• _ACTIVITY_:
Beneath this line are the data; copy exactly the part of them that opens with the line containing "qone \<in> R" and closes with the line containing "A \<Longrightarrow> w i \<in>", and only that part.

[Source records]

(* Let $\Lambda$ be a lattice of rank $k\le 3$ with a positive definite quadratic form. If a list of $k$ vectors attains the successive minima of $\Lambda$, then these vectors form a basis of $\Lambda$. The same holds for $k=4$ if additionally $\Lambda$ is an order in $B_p$ (with quadratic form the reduced norm), where $p$ is an odd prime and $B_p$ is the quaternion algebra over $\mathbb{Q}$ ramified exactly at $p$ and $\infty$.
   Context: For a lattice $\Lambda$ of rank $k$ with positive definite quadratic form $Q$ and $1\le i\le k$, the $i$-th successive minimum is the minimum value $D_i$ such that the $\mathbb{Z}$-module generated by $\{v\in\Lambda:Q(v)\le D_i\}$ has rank at least $i$. An ordered list $v_1,\dots,v_k\in\Lambda$ attains the successive minima if it is linearly independent and $Q(v_i)=D_i$ for each $i$. *)

theory Defs
  imports "HOL-Analysis.Analysis" "HOL-Number_Theory.Number_Theory"
begin

definition zspan :: "'v::real_vector set \<Rightarrow> 'v set" where
  "zspan S = {(\<Sum>x\<in>F. real_of_int (c x) *\<^sub>R x) | F c. finite F \<and> F \<subseteq> S}"

definition zindep :: "nat \<Rightarrow> (nat \<Rightarrow> 'v::real_vector) \<Rightarrow> bool" where
  "zindep k v \<longleftrightarrow> (\<forall>c::nat \<Rightarrow> int. (\<Sum>i<k. real_of_int (c i) *\<^sub>R v i) = 0 \<longrightarrow> (\<forall>i<k. c i = 0))"

definition rindep :: "nat \<Rightarrow> (nat \<Rightarrow> 'v::real_vector) \<Rightarrow> bool" where
  "rindep k b \<longleftrightarrow> (\<forall>c::nat \<Rightarrow> real. (\<Sum>i<k. c i *\<^sub>R b i) = 0 \<longrightarrow> (\<forall>i<k. c i = 0))"

definition lattice_rank :: "'v::real_vector set \<Rightarrow> nat \<Rightarrow> bool" where
  "lattice_rank L k \<longleftrightarrow> (\<exists>b. rindep k b \<and> L = {(\<Sum>i<k. real_of_int (c i) *\<^sub>R b i) | c. True})"

definition pos_def_qf :: "'v::real_vector set \<Rightarrow> ('v \<Rightarrow> real) \<Rightarrow> bool" where
  "pos_def_qf L Q \<longleftrightarrow> (\<exists>\<beta>. bilinear \<beta> \<and> (\<forall>x. Q x = \<beta> x x))
      \<and> (\<forall>x\<in>span L. x \<noteq> 0 \<longrightarrow> Q x > 0)"

definition zrank_ge :: "'v::real_vector set \<Rightarrow> nat \<Rightarrow> bool" where
  "zrank_ge S i \<longleftrightarrow> (\<exists>w. (\<forall>j<i. w j \<in> zspan S) \<and> zindep i w)"

definition is_succ_min :: "'v::real_vector set \<Rightarrow> ('v \<Rightarrow> real) \<Rightarrow> nat \<Rightarrow> real \<Rightarrow> bool" where
  "is_succ_min L Q i D \<longleftrightarrow> zrank_ge {x\<in>L. Q x \<le> D} i
      \<and> (\<forall>D'. zrank_ge {x\<in>L. Q x \<le> D'} i \<longrightarrow> D \<le> D')"

text \<open>The list v 0, ..., v (k-1) (i.e. v_1..v_k) attains the successive minima.\<close>
definition attains_succ_min :: "'v::real_vector set \<Rightarrow> ('v \<Rightarrow> real) \<Rightarrow> nat \<Rightarrow> (nat \<Rightarrow> 'v) \<Rightarrow> bool" where
  "attains_succ_min L Q k v \<longleftrightarrow> (\<forall>i<k. v i \<in> L) \<and> zindep k v
      \<and> (\<forall>i<k. is_succ_min L Q (Suc i) (Q (v i)))"

definition is_basis_of :: "'v::real_vector set \<Rightarrow> nat \<Rightarrow> (nat \<Rightarrow> 'v) \<Rightarrow> bool" where
  "is_basis_of L k v \<longleftrightarrow> (\<forall>i<k. v i \<in> L) \<and> zindep k v
      \<and> L = {(\<Sum>i<k. real_of_int (c i) *\<^sub>R v i) | c. True}"

text \<open>Elements x = x1 + x2 i + x3 j + x4 k with i^2 = a, j^2 = b, k = ij = -ji,
  represented by their coordinates in real^4; the algebra over Q consists of the
  vectors with rational coordinates.\<close>

definition qmul :: "int \<Rightarrow> int \<Rightarrow> real^4 \<Rightarrow> real^4 \<Rightarrow> real^4" where
  "qmul a b x y = (\<chi> n.
     if n = 1 then x$1*y$1 + a*x$2*y$2 + b*x$3*y$3 - a*b*x$4*y$4
     else if n = 2 then x$1*y$2 + x$2*y$1 - b*x$3*y$4 + b*x$4*y$3
     else if n = 3 then x$1*y$3 + x$3*y$1 + a*x$2*y$4 - a*x$4*y$2
     else x$1*y$4 + x$4*y$1 + x$2*y$3 - x$3*y$2)"

definition qone :: "real^4" where
  "qone = (\<chi> n. if n = 1 then 1 else 0)"

text \<open>Reduced norm x * conj x.\<close>
definition nrd :: "int \<Rightarrow> int \<Rightarrow> real^4 \<Rightarrow> real" where
  "nrd a b x = (x$1)^2 - a*(x$2)^2 - b*(x$3)^2 + a*b*(x$4)^2"

text \<open>(a,b) splits at the prime l: z^2 = a x^2 + b y^2 has a nontrivial l-adic
  solution, equivalently a primitive solution modulo l^n for every n.\<close>
definition splits_at :: "int \<Rightarrow> int \<Rightarrow> int \<Rightarrow> bool" where
  "splits_at a b l \<longleftrightarrow> (\<forall>n::nat. \<exists>x y z::int. \<not> (l dvd x \<and> l dvd y \<and> l dvd z)
       \<and> [a*x^2 + b*y^2 = z^2] (mod l^n))"

text \<open>(a,b) is ramified exactly at p and infinity (definite, and non-split exactly at p).\<close>
definition ramified_exactly_at :: "int \<Rightarrow> int \<Rightarrow> int \<Rightarrow> bool" where
  "ramified_exactly_at a b p \<longleftrightarrow> a \<noteq> 0 \<and> b \<noteq> 0 \<and> a < 0 \<and> b < 0
     \<and> (\<forall>l. prime l \<longrightarrow> (\<not> splits_at a b l \<longleftrightarrow> l = p))"

definition is_order :: "int \<Rightarrow> int \<Rightarrow> (real^4) set \<Rightarrow> bool" where
  "is_order a b R \<longleftrightarrow> lattice_rank R 4 \<and> (\<forall>x\<in>R. \<forall>n. x$n \<in> \<rat>)
     \<and> qone \<in> R \<and> (\<forall>x\<in>R. \<forall>y\<in>R. qmul a b x y \<in> R)"

end

theory Submission
  imports Defs
begin

(* Suppose some x in the lattice is not an integer combination of v 0, ..., v (k - 1). Some
   multiple d x is, and reducing its coefficients modulo d gives a lattice vector
   sum (f i) v i with 0 <= f i < 1, not all zero; let j be the last index with f j > 0.
   Rounding the f i one at a time to 0 or 1, each time choosing the better of the two options,
   yields a lattice vector y whose expansion still ends at v j and with
   Q y <= sum_{i <= j} f i (1 - f i) Q (v i) <= (j + 1) / 4 * Q (v j),
   whereas the definition of the successive minima forces Q (v j) <= Q y. Hence j >= 3, which
   is impossible in rank at most 3. In rank 4 the equality case leaves only
   (v 0 + v 1 + v 2 + v 3) / 2 in the lattice with all Q (v i) equal, and comparing the eight
   vectors (+-v 0 +- v 1 +- v 2 + v 3) / 2 with v 3 shows that the v i are pairwise orthogonal.
   For an order in B_p the reduced norm would then be rationally equivalent to a multiple
   D (x1^2 + x2^2 + x3^2 + x4^2) of the sum of four squares. But B_p splits at 2, so
   z^2 - a x^2 - b y^2 has zeros with an odd coordinate modulo every power of 2, and the
   2-adic descent for sums of four squares shows that no such vector can exist. *)

section \<open>Integer combinations\<close>

definition int_combs :: "nat \<Rightarrow> (nat \<Rightarrow> 'v::real_vector) \<Rightarrow> 'v set" where
  "int_combs k b = {(\<Sum>i<k. real_of_int (c i) *\<^sub>R b i) | c. True}"

lemma int_combsI: "(\<Sum>i<k. real_of_int (c i) *\<^sub>R b i) \<in> int_combs k b"
  unfolding int_combs_def by blast

lemma int_combsE:
  assumes "x \<in> int_combs k b"
  obtains c where "x = (\<Sum>i<k. real_of_int (c i) *\<^sub>R b i)"
  using assms unfolding int_combs_def by blast

lemma int_combs_coeffs:
  assumes "\<And>i. i \<in> A \<Longrightarrow> w i \<in> int_combs k b"
  obtains e where "\<And>i. i \<in> A \<Longrightarrow> w i = (\<Sum>r<k. real_of_int (e i r) *\<^sub>R b r)"
proof -
  have "\<forall>i\<in>A. \<exists>c. w i = (\<Sum>r<k. real_of_int (c r) *\<^sub>R b r)"
    using assms unfolding int_combs_def by blast
  then obtain e where "\<forall>i\<in>A. w i = (\<Sum>r<k. real_of_int (e i r) *\<^sub>R b r)"
    by (rule bchoice[THEN exE])
  then show ?thesis using that by blast
qed

lemma int_combs_diff:
  assumes "x \<in> int_combs k b" "y \<in> int_combs k b"
  shows "x - y \<in> int_combs k b"
proof -
  obtain c c' where "x = (\<Sum>i<k. real_of_int (c i) *\<^sub>R b i)" "y = (\<Sum>i<k. real_of_int (c' i) *\<^sub>R b i)"
    using assms unfolding int_combs_def by blast
  then have "x - y = (\<Sum>i<k. real_of_int (c i - c' i) *\<^sub>R b i)"
    by (simp add: sum_subtractf scaleR_diff_left)
  then show ?thesis by (simp only: int_combsI)
qed

lemma int_combs_subset:
  assumes "\<And>i. i < n \<Longrightarrow> w i \<in> int_combs k b"
  shows "int_combs n w \<subseteq> int_combs k b"
proof
  fix x assume "x \<in> int_combs n w"
  then obtain c where x: "x = (\<Sum>i<n. real_of_int (c i) *\<^sub>R w i)" by (rule int_combsE)
  obtain e where e: "\<And>i. i \<in> {..<n} \<Longrightarrow> w i = (\<Sum>r<k. real_of_int (e i r) *\<^sub>R b r)"
    using int_combs_coeffs[of "{..<n}" w k b] assms by blast
  have "x = (\<Sum>i<n. \<Sum>r<k. real_of_int (c i * e i r) *\<^sub>R b r)"
    unfolding x by (intro sum.cong refl) (simp add: e scaleR_sum_right)
  also have "\<dots> = (\<Sum>r<k. real_of_int (\<Sum>i<n. c i * e i r) *\<^sub>R b r)"
    by (subst sum.swap) (simp add: scaleR_sum_left)
  finally show "x \<in> int_combs k b" by (simp only: int_combsI)
qed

• _ANSWER SPACE_:
     \<and> qone \<in> R \<and> (\<forall>x\<in>R. \<forall>y\<in>R. qmul a b x y \<in> R)"

end

theory Submission
  imports Defs
begin

(* Suppose some x in the lattice is not an integer combination of v 0, ..., v (k - 1). Some
   multiple d x is, and reducing its coefficients modulo d gives a lattice vector
   sum (f i) v i with 0 <= f i < 1, not all zero; let j be the last index with f j > 0.
   Rounding the f i one at a time to 0 or 1, each time choosing the better of the two options,
   yields a lattice vector y whose expansion still ends at v j and with
   Q y <= sum_{i <= j} f i (1 - f i) Q (v i) <= (j + 1) / 4 * Q (v j),
   whereas the definition of the successive minima forces Q (v j) <= Q y. Hence j >= 3, which
   is impossible in rank at most 3. In rank 4 the equality case leaves only
   (v 0 + v 1 + v 2 + v 3) / 2 in the lattice with all Q (v i) equal, and comparing the eight
   vectors (+-v 0 +- v 1 +- v 2 + v 3) / 2 with v 3 shows that the v i are pairwise orthogonal.
   For an order in B_p the reduced norm would then be rationally equivalent to a multiple
   D (x1^2 + x2^2 + x3^2 + x4^2) of the sum of four squares. But B_p splits at 2, so
   z^2 - a x^2 - b y^2 has zeros with an odd coordinate modulo every power of 2, and the
   2-adic descent for sums of four squares shows that no such vector can exist. *)

section \<open>Integer combinations\<close>

definition int_combs :: "nat \<Rightarrow> (nat \<Rightarrow> 'v::real_vector) \<Rightarrow> 'v set" where
  "int_combs k b = {(\<Sum>i<k. real_of_int (c i) *\<^sub>R b i) | c. True}"

lemma int_combsI: "(\<Sum>i<k. real_of_int (c i) *\<^sub>R b i) \<in> int_combs k b"
  unfolding int_combs_def by blast

lemma int_combsE:
  assumes "x \<in> int_combs k b"
  obtains c where "x = (\<Sum>i<k. real_of_int (c i) *\<^sub>R b i)"
  using assms unfolding int_combs_def by blast

lemma int_combs_coeffs:
  assumes "\<And>i. i \<in> A \<Longrightarrow> w i \<in> int_combs k b"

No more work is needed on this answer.